* Records provided *

text \<open>Injective R-module, relative to test modules whose carriers live in type 'x.\<close>
definition rmod_injective_in :: "'x itself \<Rightarrow> ('r::ring_1, 'm) rmod \<Rightarrow> bool" where
  "rmod_injective_in (_ :: 'x itself) M \<longleftrightarrow>
     (\<forall>(X :: ('r, 'x) rmod) (Y :: ('r, 'x) rmod) i h.
        is_rmodule X \<and> is_rmodule Y \<and> rlinear X Y i \<and> inj_on i (mcar X) \<and> rlinear X M h \<longrightarrow>
        (\<exists>k. rlinear Y M k \<and> (\<forall>x\<in>mcar X. k (i x) = h x)))"

definition smooth_injective_in ::
  "'a itself \<Rightarrow> 'b itself \<Rightarrow> ('g, 'z) monoid_scheme \<Rightarrow> 'g topology
     \<Rightarrow> ('r::ring_1, 'm) rmod \<Rightarrow> ('g \<Rightarrow> 'm \<Rightarrow> 'm) \<Rightarrow> bool" where
  "smooth_injective_in (_ :: 'a itself) (_ :: 'b itself) G T M actM \<longleftrightarrow>
     smooth_module G T M actM \<and>
     (\<forall>(A :: ('r, 'a) rmod) actA (B :: ('r, 'b) rmod) actB i h.
        smooth_module G T A actA \<and> smooth_module G T B actB \<and>
        smooth_hom G A actA B actB i \<and> inj_on i (mcar A) \<and>
        smooth_hom G A actA M actM h \<longrightarrow>
        (\<exists>k. smooth_hom G B actB M actM k \<and> (\<forall>x\<in>mcar A. k (i x) = h x)))"

end

theory Submission
  imports Defs "HOL-Algebra.FiniteProduct"
begin

text \<open>For \<open>V \<in> B\<close> let \<open>tr\<^sub>V\<close> be the trace \<open>y \<mapsto> \<Sum> n y\<close> over \<open>N\<^sub>G(V)/V\<close> on a smooth module \<open>X\<close>,
  and let \<open>I X\<close> be the submodule spanned by the differences \<open>g y - y\<close>. If \<open>U \<in> B\<close> fixes \<open>y\<close>,
  then for all sufficiently small \<open>V \<in> B\<close> the coset \<open>gU\<close> is \<open>V\<close>-fixed, so by hypothesis
  \<open>g = n u\<close> with \<open>n \<in> N\<^sub>G(V)\<close>, \<open>u \<in> U\<close>, and \<open>tr\<^sub>V (g y - y) = tr\<^sub>V (n y) - tr\<^sub>V y = 0\<close>. Hence every
  \<open>d \<in> I X\<close> has \<open>tr\<^sub>V d = 0\<close> for small \<open>V\<close>.

  Now let \<open>i : A \<hookrightarrow> X\<close> be a monomorphism and \<open>h : A \<rightarrow> M\<close> a \<open>G\<close>-invariant linear map into a
  uniquely divisible \<open>M\<close>. If \<open>i a \<in> I X\<close>, then \<open>i (tr\<^sub>V a) = tr\<^sub>V (i a) = 0\<close>, so
  \<open>|N\<^sub>G(V)/V| \<cdot> h a = h (tr\<^sub>V a) = 0\<close> and \<open>h a = 0\<close>. For an essential extension \<open>M \<hookrightarrow> E\<close> this
  forces \<open>I E = 0\<close>, i.e. \<open>G\<close> acts trivially on \<open>E\<close>. In general \<open>h\<close> extends to \<open>i(A) + I X\<close> by zero
  on \<open>I X\<close>, then by \<open>R\<close>-injectivity of \<open>M\<close> to all of \<open>X\<close>; the extension kills every \<open>g y - y\<close>
  and is therefore \<open>G\<close>-invariant.\<close>

definition add_group :: "('r, 'e) rmod \<Rightarrow> 'e monoid" where
  "add_group X = \<lparr>carrier = mcar X, monoid.mult = madd X, one = mzero X\<rparr>"

lemma add_group_simps [simp]:
  "carrier (add_group X) = mcar X" "monoid.mult (add_group X) = madd X" "one (add_group X) = mzero X"
  by (simp_all add: add_group_def)

definition rsubmodule :: "('r, 'e) rmod \<Rightarrow> 'e set \<Rightarrow> bool" where
  "rsubmodule X S \<longleftrightarrow> S \<subseteq> mcar X \<and> mzero X \<in> S \<and>
     (\<forall>x\<in>S. \<forall>y\<in>S. madd X x y \<in> S) \<and> (\<forall>r. \<forall>x\<in>S. msc X r x \<in> S)"

lemma smooth_submodule_iff:
  "smooth_submodule G X act S \<longleftrightarrow> rsubmodule X S \<and> (\<forall>g\<in>carrier G. \<forall>x\<in>S. act g x \<in> S)"
  by (auto simp: smooth_submodule_def rsubmodule_def)

locale rmodule =
  fixes X :: "('r::ring_1, 'e) rmod"
  assumes is_rmodule: "is_rmodule X"
begin

lemma zero_closed: "mzero X \<in> mcar X"
  and add_closed: "x \<in> mcar X \<Longrightarrow> y \<in> mcar X \<Longrightarrow> madd X x y \<in> mcar X"
  and msc_closed: "x \<in> mcar X \<Longrightarrow> msc X r x \<in> mcar X"
  and add_commute: "x \<in> mcar X \<Longrightarrow> y \<in> mcar X \<Longrightarrow> madd X x y = madd X y x"
  using is_rmodule by (simp_all add: is_rmodule_def)

lemma add_assoc: "x \<in> mcar X \<Longrightarrow> y \<in> mcar X \<Longrightarrow> z \<in> mcar X \<Longrightarrow>
    madd X (madd X x y) z = madd X x (madd X y z)"
  using is_rmodule unfolding is_rmodule_def by blast

lemma zero_add: "x \<in> mcar X \<Longrightarrow> madd X (mzero X) x = x"
  using is_rmodule unfolding is_rmodule_def by blast

lemma add_inverse: "x \<in> mcar X \<Longrightarrow> \<exists>y\<in>mcar X. madd X x y = mzero X"
  using is_rmodule unfolding is_rmodule_def by blast

lemma msc_add_right: "x \<in> mcar X \<Longrightarrow> y \<in> mcar X \<Longrightarrow> msc X r (madd X x y) = madd X (msc X r x) (msc X r y)"
  and msc_add_left: "x \<in> mcar X \<Longrightarrow> msc X (r + s) x = madd X (msc X r x) (msc X s x)"
  and msc_mult: "x \<in> mcar X \<Longrightarrow> msc X (r * s) x = msc X r (msc X s x)"
  and msc_one: "x \<in> mcar X \<Longrightarrow> msc X 1 x = x"
  using is_rmodule by (auto simp: is_rmodule_def)

sublocale add: comm_group "add_group X"
proof (rule comm_groupI)
  show "\<exists>y\<in>carrier (add_group X). y \<otimes>\<^bsub>add_group X\<^esub> x = \<one>\<^bsub>add_group X\<^esub>"
    if "x \<in> carrier (add_group X)" for x
    using that add_inverse[of x] add_commute by auto
qed (auto simp: zero_closed add_closed add_assoc zero_add intro: add_commute)

lemma add_zero [simp]: "x \<in> mcar X \<Longrightarrow> madd X x (mzero X) = x"
  and add_neg_right [simp]: "x \<in> mcar X \<Longrightarrow> madd X x (inv\<^bsub>add_group X\<^esub> x) = mzero X"
  and add_neg_left [simp]: "x \<in> mcar X \<Longrightarrow> madd X (inv\<^bsub>add_group X\<^esub> x) x = mzero X"
  and neg_closed [simp]: "x \<in> mcar X \<Longrightarrow> inv\<^bsub>add_group X\<^esub> x \<in> mcar X"
  using add.r_one add.r_inv add.l_inv add.inv_closed by simp_all

lemma neg_add_cancel_left [simp]:
  "x \<in> mcar X \<Longrightarrow> w \<in> mcar X \<Longrightarrow> madd X (inv\<^bsub>add_group X\<^esub> x) (madd X x w) = w"
  using add_assoc[symmetric, of "inv\<^bsub>add_group X\<^esub> x" x w] zero_add by simp

lemma add_add_add_commute:
  assumes "a \<in> mcar X" "b \<in> mcar X" "c \<in> mcar X" "d \<in> mcar X"
  shows "madd X (madd X a b) (madd X c d) = madd X (madd X a c) (madd X b d)"
proof -
  have "madd X b (madd X c d) = madd X c (madd X b d)"
    using assms add_assoc[of b c d] add_assoc[of c b d] add_commute[of b c] by simp
  then show ?thesis
    using assms add_assoc[of a b "madd X c d"] add_assoc[of a c "madd X b d"] by (simp add: add_closed)
qed

lemma msc_zero_left: "x \<in> mcar X \<Longrightarrow> msc X 0 x = mzero X"
  using msc_add_left[of x 0 0] add.l_cancel_one'[of "msc X 0 x" "msc X 0 x"] msc_closed by simp

lemma add_msc_minus_one: "x \<in> mcar X \<Longrightarrow> madd X x (msc X (-1) x) = mzero X"
  using msc_add_left[of x 1 "-1"] msc_one msc_zero_left by simp

lemma msc_minus_one:
  assumes "x \<in> mcar X" shows "msc X (-1) x = inv\<^bsub>add_group X\<^esub> x"
proof -
  have "madd X (msc X (-1) x) x = mzero X"
    using add_msc_minus_one add_commute msc_closed assms by metis
  then show ?thesis using add.inv_equality msc_closed assms by simp
qed

lemma pow_eq_msc_of_nat: "x \<in> mcar X \<Longrightarrow> x [^]\<^bsub>add_group X\<^esub> (k::nat) = msc X (of_nat k) x"
proof (induction k)
  case 0
  then show ?case using msc_zero_left by simp
next
  case (Suc k)
  then have "x [^]\<^bsub>add_group X\<^esub> Suc k = madd X (msc X 1 x) (msc X (of_nat k) x)"
    using msc_one msc_closed add.m_comm by simp
  also have "\<dots> = msc X (of_nat (Suc k)) x"
    using msc_add_left[of x 1] Suc.prems by simp
  finally show ?case .
qed

lemma rsubmodule_is_rmodule:
  assumes "rsubmodule X S" shows "is_rmodule (X\<lparr>mcar := S\<rparr>)"
proof -
  have sub: "x \<in> mcar X" if "x \<in> S" for x
    using that assms by (auto simp: rsubmodule_def)
  have "\<exists>y\<in>S. madd X x y = mzero X" if "x \<in> S" for x
    using that assms sub[OF that] add_msc_minus_one[of x]
    by (intro bexI[of _ "msc X (-1) x"]) (auto simp: rsubmodule_def)
  then show ?thesis
    using assms unfolding is_rmodule_def rsubmodule_def
    by (auto simp: sub add_assoc zero_add msc_add_right msc_add_left msc_mult msc_one intro: add_commute)
qed


lemma rsubmodule_inv_closed:
  assumes "rsubmodule X S" "x \<in> S" shows "inv\<^bsub>add_group X\<^esub> x \<in> S"
proof -
  have "x \<in> mcar X" "msc X (-1) x \<in> S" using assms by (auto simp: rsubmodule_def)
  then show ?thesis using msc_minus_one by simp
qed

end

lemma group_hom_add_groupI:
  assumes "rmodule X" "rmodule Y" "\<And>x. x \<in> mcar X \<Longrightarrow> f x \<in> mcar Y"
    "\<And>x y. x \<in> mcar X \<Longrightarrow> y \<in> mcar X \<Longrightarrow> f (madd X x y) = madd Y (f x) (f y)"
  shows "group_hom (add_group X) (add_group Y) f"
proof -
  interpret X: rmodule X by fact
  interpret Y: rmodule Y by fact
  show ?thesis
    by (intro group_hom.intro group_hom_axioms.intro X.add.group_axioms Y.add.group_axioms)
      (auto simp: hom_def assms)
qed

lemma rlinear_group_hom:
  "rmodule X \<Longrightarrow> rmodule Y \<Longrightarrow> rlinear X Y f \<Longrightarrow> group_hom (add_group X) (add_group Y) f"
  by (rule group_hom_add_groupI) (auto simp: rlinear_def)

lemma rlinear_zero: "rmodule X \<Longrightarrow> rmodule Y \<Longrightarrow> rlinear X Y f \<Longrightarrow> f (mzero X) = mzero Y"
  using group_hom.hom_one[OF rlinear_group_hom] by simp

lemma (in rmodule) msc_group_hom: "group_hom (add_group X) (add_group X) (msc X r)"
  using rmodule_axioms rmodule_axioms by (rule group_hom_add_groupI) (auto simp: msc_closed msc_add_right)

lemma group_hom_finprod:
  assumes "group_hom G H f" "comm_group G" "comm_group H" "g \<in> A \<rightarrow> carrier G"
  shows "f (finprod G g A) = finprod H (\<lambda>x. f (g x)) A"
proof -
  interpret G: comm_group G by fact
  interpret H: comm_group H by fact
  interpret f: group_hom G H f by fact
  show ?thesis
    using assms(4) by (induction A rule: infinite_finite_induct) (auto simp: Pi_def)
qed

lemma (in comm_group) div_eq_div_of_mult_eq:
  assumes "x \<in> carrier G" "x' \<in> carrier G" "d \<in> carrier G" "d' \<in> carrier G" "x \<otimes> d = x' \<otimes> d'"
  shows "x \<otimes> inv x' = d' \<otimes> inv d"
  by (smt (verit, ccfv_threshold) assms inv_closed inv_solve_right m_assoc m_closed m_comm)

lemma (in group) normalizer_conj_mem:
  assumes "subgroup V G" "n \<in> normalizer G V" "v \<in> V"
  shows "inv n \<otimes> v \<otimes> n \<in> V"
proof -
  have V: "V \<subseteq> carrier G" and n: "n \<in> carrier G" and "(n <# V) #> inv n = V"
    using assms(1,2) subgroup.subset[OF assms(1)] by (auto simp: normalizer_def stabilizer_def)
  with assms(3) obtain v' where v': "v' \<in> V" "v = n \<otimes> v' \<otimes> inv n"
    unfolding r_coset_def l_coset_def by auto
  then have "inv n \<otimes> v \<otimes> n = v'"
    using V n by (simp add: m_assoc[symmetric] subsetD) (simp add: m_assoc subsetD)
  with v' show ?thesis by simp
qed

section \<open>Linear actions and the normalizer trace\<close>

locale linear_action = group G + rmodule X
  for G :: "('g, 'z) monoid_scheme" (structure) and X :: "('r::ring_1, 'e) rmod" +
  fixes act :: "'g \<Rightarrow> 'e \<Rightarrow> 'e"
  assumes act_closed: "g \<in> carrier G \<Longrightarrow> x \<in> mcar X \<Longrightarrow> act g x \<in> mcar X"
    and act_one: "x \<in> mcar X \<Longrightarrow> act \<one> x = x"
    and act_mult: "g \<in> carrier G \<Longrightarrow> h \<in> carrier G \<Longrightarrow> x \<in> mcar X \<Longrightarrow> act (g \<otimes> h) x = act g (act h x)"
    and act_rlinear: "g \<in> carrier G \<Longrightarrow> rlinear X X (act g)"

lemma smooth_module_linear_action:
  "group G \<Longrightarrow> smooth_module G T X act \<Longrightarrow> linear_action G X act"
  by (auto simp: smooth_module_def linear_action_def linear_action_axioms_def rmodule_def)

lemma (in rmodule) linear_action_trivial: "group G \<Longrightarrow> linear_action G X (\<lambda>g x. x)"
  using is_rmodule
  by (auto simp: linear_action_def linear_action_axioms_def rmodule_def rlinear_def is_rmodule_def)

definition fixed_points :: "('r, 'e) rmod \<Rightarrow> ('g \<Rightarrow> 'e \<Rightarrow> 'e) \<Rightarrow> 'g set \<Rightarrow> 'e set" where
  "fixed_points X act V = {x \<in> mcar X. \<forall>v\<in>V. act v x = x}"

definition coset_rep :: "('g, 'z) monoid_scheme \<Rightarrow> 'g set \<Rightarrow> 'g set \<Rightarrow> 'g" where
  "coset_rep G V C = (SOME n. n \<in> normalizer G V \<and> C = V #>\<^bsub>G\<^esub> n)"

text \<open>Representatives are chosen by \<open>SOME\<close>; on \<open>V\<close>-fixed vectors the trace does not depend
  on the choice (\<open>act_rcos_eq\<close>).\<close>
definition normalizer_trace ::
  "('g, 'z) monoid_scheme \<Rightarrow> ('r, 'e) rmod \<Rightarrow> ('g \<Rightarrow> 'e \<Rightarrow> 'e) \<Rightarrow> 'g set \<Rightarrow> 'e \<Rightarrow> 'e" where
  "normalizer_trace G X act V y =
     finprod (add_group X) (\<lambda>C. act (coset_rep G V C) y) (normalizer_quotient G V)"

lemma normalizer_closed: "n \<in> normalizer G V \<Longrightarrow> n \<in> carrier G"
  by (simp add: normalizer_def stabilizer_def)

* Your task *
Where the string "actM" occurs in a line of the listing, copy the line.

* Task response *
  "smooth_injective_in (_ :: 'a itself) (_ :: 'b itself) G T M actM \<longleftrightarrow>
     smooth_module G T M actM \<and>
        smooth_hom G A actA M actM h \<longrightarrow>
        (\<exists>k. smooth_hom G B actB M actM k \<and> (\<forall>x\<in>mcar A. k (i x) = h x)))"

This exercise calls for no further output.